| BRIEF |
Filter the records for lines holding the string "noteq".

--- DATA FOR ANALYSIS Enclosed Below ---

lemma has_integral_linear_times_derivative:
  fixes f f' :: "real \<Rightarrow> real"
  assumes "u \<le> v" "absolutely_continuous_real_on f u v" "negligible E"
    and "\<And>x. x \<in> {u..v} - E \<Longrightarrow> (f has_real_derivative f' x) (at x within {u..v})"
  shows "((\<lambda>t. (t - m) * f' t + f t) has_integral (v - m) * f v - (u - m) * f u) {u..v}"
proof -
  have "((\<lambda>t. (t - m) * f t) has_real_derivative (x - m) * f' x + f x) (at x within {u..v})"
    if "x \<in> {u..v} - E" for x
    using assms(4)[OF that] by (auto intro!: derivative_eq_intros simp: algebra_simps)
  then show ?thesis
    using fundamental_theorem_of_calculus_absolutely_continuous[OF assms(1)
        absolutely_continuous_real_on_mult[OF absolutely_continuous_real_on_minus_const assms(2)] assms(3)]
    by simp
qed

lemma has_integral_quarter_kernel_mult_derivative:
  fixes f f' :: "real \<Rightarrow> real"
  assumes "a \<le> b" "absolutely_continuous_real_on f a b" "negligible E"
    and deriv: "\<And>x. x \<in> {a..b} - E \<Longrightarrow> (f has_real_derivative f' x) (at x within {a..b})"
  shows "((\<lambda>t. quarter_kernel a b t * (f' t - C)) has_integral
      (b - a) * (f ((3 * a + b) / 4) + f ((a + 3 * b) / 4)) / 2 - integral {a..b} f) {a..b}"
proof -
  have piece: "((\<lambda>t. (t - m) * f' t + f t) has_integral (v - m) * f v - (u - m) * f u) {u..v}"
    if "a \<le> u" "u \<le> v" "v \<le> b" for u v m
  proof (rule has_integral_linear_times_derivative[OF \<open>u \<le> v\<close> _ \<open>negligible E\<close>])
    show "absolutely_continuous_real_on f u v"
      using absolutely_continuous_real_on_subinterval[OF assms(2)] that by blast
    show "(f has_real_derivative f' x) (at x within {u..v})" if "x \<in> {u..v} - E" for x
      using has_field_derivative_subset[OF deriv] \<open>a \<le> u\<close> \<open>v \<le> b\<close> that by auto
  qed
  note ordered = quarter_points_ordered[OF \<open>a \<le> b\<close>]
  have sum: "((\<lambda>t. quarter_kernel a b t * f' t + f t) has_integral
      (b - a) * (f ((3 * a + b) / 4) + f ((a + 3 * b) / 4)) / 2) {a..b}"
    by (rule has_integral_eq[OF _ has_integral_eq_rhs[OF has_integral_combine_piecewise3[OF ordered
          piece[OF order.refl ordered(1) order_trans[OF ordered(2,3)], where m = a]
          piece[OF ordered, where m = "(a + b) / 2"]
          piece[OF order_trans[OF ordered(1,2)] ordered(3) order.refl, where m = b]]]])
      (simp_all add: quarter_kernel_def field_simps)
  have "(f has_integral integral {a..b} f) {a..b}"
    by (intro integrable_integral integrable_continuous_real
        absolutely_continuous_real_on_imp_continuous_on assms(2))
  \<comment> \<open>The kernel integrates to zero, so subtracting a constant from the derivative changes nothing.\<close>
  from has_integral_diff[OF has_integral_diff[OF sum this]
      has_integral_mult_left[OF has_integral_quarter_kernel[OF \<open>a \<le> b\<close>], where c = C]]
  show ?thesis
    by (simp add: right_diff_distrib)
qed

lemma has_integral_Cauchy_Schwarz:
  fixes g h :: "'a::euclidean_space \<Rightarrow> real"
  assumes "((\<lambda>x. g x * h x) has_integral P) S"
    and "((\<lambda>x. (g x)\<^sup>2) has_integral A) S" "((\<lambda>x. (h x)\<^sup>2) has_integral B) S"
  shows "P\<^sup>2 \<le> A * B"
proof -
  have quadratic: "0 \<le> s\<^sup>2 * A - 2 * s * P + B" for s
  proof -
    have "((\<lambda>x. s\<^sup>2 * (g x)\<^sup>2 - 2 * s * (g x * h x) + (h x)\<^sup>2) has_integral s\<^sup>2 * A - 2 * s * P + B) S"
      by (intro has_integral_add has_integral_diff has_integral_mult_right assms)
    then have "((\<lambda>x. (s * g x - h x)\<^sup>2) has_integral s\<^sup>2 * A - 2 * s * P + B) S"
      by (simp add: power2_eq_square algebra_simps)
    then show ?thesis
      by (rule has_integral_nonneg) simp
  qed
  have "0 \<le> A"
    using assms(2) by (rule has_integral_nonneg) simp
  show ?thesis
  proof (cases "A = 0")
    case True
    have "P = 0"
    proof (rule ccontr)
      assume "P \<noteq> 0"
      then show False
        using quadratic[of "(B + 1) / (2 * P)"] True by (simp add: field_simps)
    qed
    then show ?thesis
      using True by simp
  next
    case False
    have "0 \<le> A * ((P / A)\<^sup>2 * A - 2 * (P / A) * P + B)"
      using \<open>0 \<le> A\<close> quadratic by (rule mult_nonneg_nonneg)
    also have "\<dots> = A * B - P\<^sup>2"
      using False by (simp add: field_simps power2_eq_square)
    finally show ?thesis
      by simp
  qed
qed

lemma has_integral_square_deviation:
  fixes g :: "real \<Rightarrow> real"
  assumes "a < b" "(g has_integral I) {a..b}" "((\<lambda>t. (g t)\<^sup>2) has_integral Q) {a..b}"
  shows "((\<lambda>t. (g t - I / (b - a))\<^sup>2) has_integral Q - I\<^sup>2 / (b - a)) {a..b}"
proof -
  define C where "C = I / (b - a)"
  have "((\<lambda>t. (g t)\<^sup>2 - 2 * C * g t + C\<^sup>2) has_integral Q - 2 * C * I + (b - a) * C\<^sup>2) {a..b}"
    using has_integral_add[OF has_integral_diff[OF assms(3) has_integral_mult_right[OF assms(2), where c = "2 * C"]]
        has_integral_const_real[of "C\<^sup>2" a b]] \<open>a < b\<close> by simp
  moreover have "(b - a) * C = I"
    using \<open>a < b\<close> by (simp add: C_def)
  then have "(b - a) * C\<^sup>2 = C * I"
    by (metis mult.left_commute power2_eq_square)
  then have "Q - 2 * C * I + (b - a) * C\<^sup>2 = Q - I\<^sup>2 / (b - a)"
    by (simp add: C_def power2_eq_square)
  ultimately show ?thesis
    by (simp add: C_def power2_eq_square algebra_simps)
qed

lemma abs_le_sqrt_of_scaled_square_le:
  fixes w D c :: real
  assumes "w \<noteq> 0" "(w * D)\<^sup>2 \<le> w\<^sup>2 * c"
  shows "\<bar>D\<bar> \<le> sqrt c"
proof (rule real_le_rsqrt)
  show "\<bar>D\<bar>\<^sup>2 \<le> c"
    using assms by (simp add: power_mult_distrib)
qed

lemma sqrt_div_48:
  fixes x :: real
  shows "sqrt (x / 48) = sqrt x / (4 * sqrt 3)"
proof -
  have "sqrt 48 = 4 * sqrt (3 :: real)"
    using real_sqrt_mult[of 16 3] by simp
  then show ?thesis
    by (simp add: real_sqrt_divide)
qed

lemma AE_lebesgue_on_imp_negligible_exceptions:
  assumes "AE t in lebesgue_on S. P t" "S \<in> sets lebesgue"
  obtains N where "negligible N" "\<And>t. t \<in> S - N \<Longrightarrow> P t"
proof -
  obtain N where N: "N \<in> null_sets (lebesgue_on S)" "{t \<in> space (lebesgue_on S). \<not> P t} \<subseteq> N"
    using assms(1) unfolding eventually_ae_filter by blast
  then have "N \<in> null_sets lebesgue"
    using null_sets_restrict_space[OF assms(2)] by blast
  then show thesis
    using N(2) assms(2) by (intro that) (auto simp: negligible_iff_null_sets)
qed

theorem corollary2p9:
  fixes f f' :: "real \<Rightarrow> real" and a b :: real
  assumes "a < b"
    and "absolutely_continuous_real_on f a b"
    and "AE t in lebesgue_on {a..b}. (f has_real_derivative f' t) (at t)"
    and "f' \<in> borel_measurable (lebesgue_on {a..b})"
    and "integrable (lebesgue_on {a..b}) (\<lambda>t. (f' t)\<^sup>2)"
  shows "\<bar>(f ((3*a + b)/4) + f ((a + 3*b)/4)) / 2 - (1/(b - a)) * integral {a..b} f\<bar>
           \<le> sqrt (b - a) / (4 * sqrt 3)
             * sqrt ((LINT t|lebesgue_on {a..b}. (f' t)\<^sup>2) - (f b - f a)\<^sup>2 / (b - a))"
proof -
  obtain N where "negligible N" and deriv_at: "\<And>t. t \<in> {a..b} - N \<Longrightarrow> (f has_real_derivative f' t) (at t)"
    by (rule AE_lebesgue_on_imp_negligible_exceptions[OF assms(3)]) auto
  have deriv: "(f has_real_derivative f' t) (at t within {a..b})" if "t \<in> {a..b} - N" for t
    using deriv_at[OF that] by (rule has_field_derivative_at_within)
  define C where "C = (f b - f a) / (b - a)"
  define D where "D = (f ((3*a + b)/4) + f ((a + 3*b)/4)) / 2 - (1/(b - a)) * integral {a..b} f"
  define \<sigma> where "\<sigma> = (LINT t|lebesgue_on {a..b}. (f' t)\<^sup>2) - (f b - f a)\<^sup>2 / (b - a)"
  have "a \<le> b"
    using \<open>a < b\<close> by simp
  have deviation: "((\<lambda>t. (f' t - C)\<^sup>2) has_integral \<sigma>) {a..b}"
    unfolding C_def \<sigma>_def
    using fundamental_theorem_of_calculus_absolutely_continuous[OF \<open>a \<le> b\<close> assms(2) \<open>negligible N\<close> deriv]
    by (intro has_integral_square_deviation \<open>a < b\<close> has_integral_integral_lebesgue_on assms(5)) auto
  have "(b - a) * D = (b - a) * (f ((3*a + b)/4) + f ((a + 3*b)/4)) / 2 - integral {a..b} f"
    using \<open>a < b\<close> by (simp add: D_def field_simps)
  then have "((\<lambda>t. quarter_kernel a b t * (f' t - C)) has_integral (b - a) * D) {a..b}"
    using has_integral_quarter_kernel_mult_derivative[OF \<open>a \<le> b\<close> assms(2) \<open>negligible N\<close> deriv] by simp
  then have "((b - a) * D)\<^sup>2 \<le> (b - a) ^ 3 / 48 * \<sigma>"
    by (rule has_integral_Cauchy_Schwarz[OF _ has_integral_quarter_kernel_square[OF \<open>a \<le> b\<close>] deviation])
  then have "\<bar>D\<bar> \<le> sqrt ((b - a) * \<sigma> / 48)"
    using \<open>a < b\<close> by (intro abs_le_sqrt_of_scaled_square_le[of "b - a"]) (simp_all add: power3_eq_cube power2_eq_square)
  then show ?thesis
    by (simp add: D_def \<sigma>_def sqrt_div_48 real_sqrt_mult)
qed

end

--- End of Enclosed DATA FOR ANALYSIS ---

| WRITTEN SOLUTION |
      assume "P \<noteq> 0"
  assumes "w \<noteq> 0" "(w * D)\<^sup>2 \<le> w\<^sup>2 * c"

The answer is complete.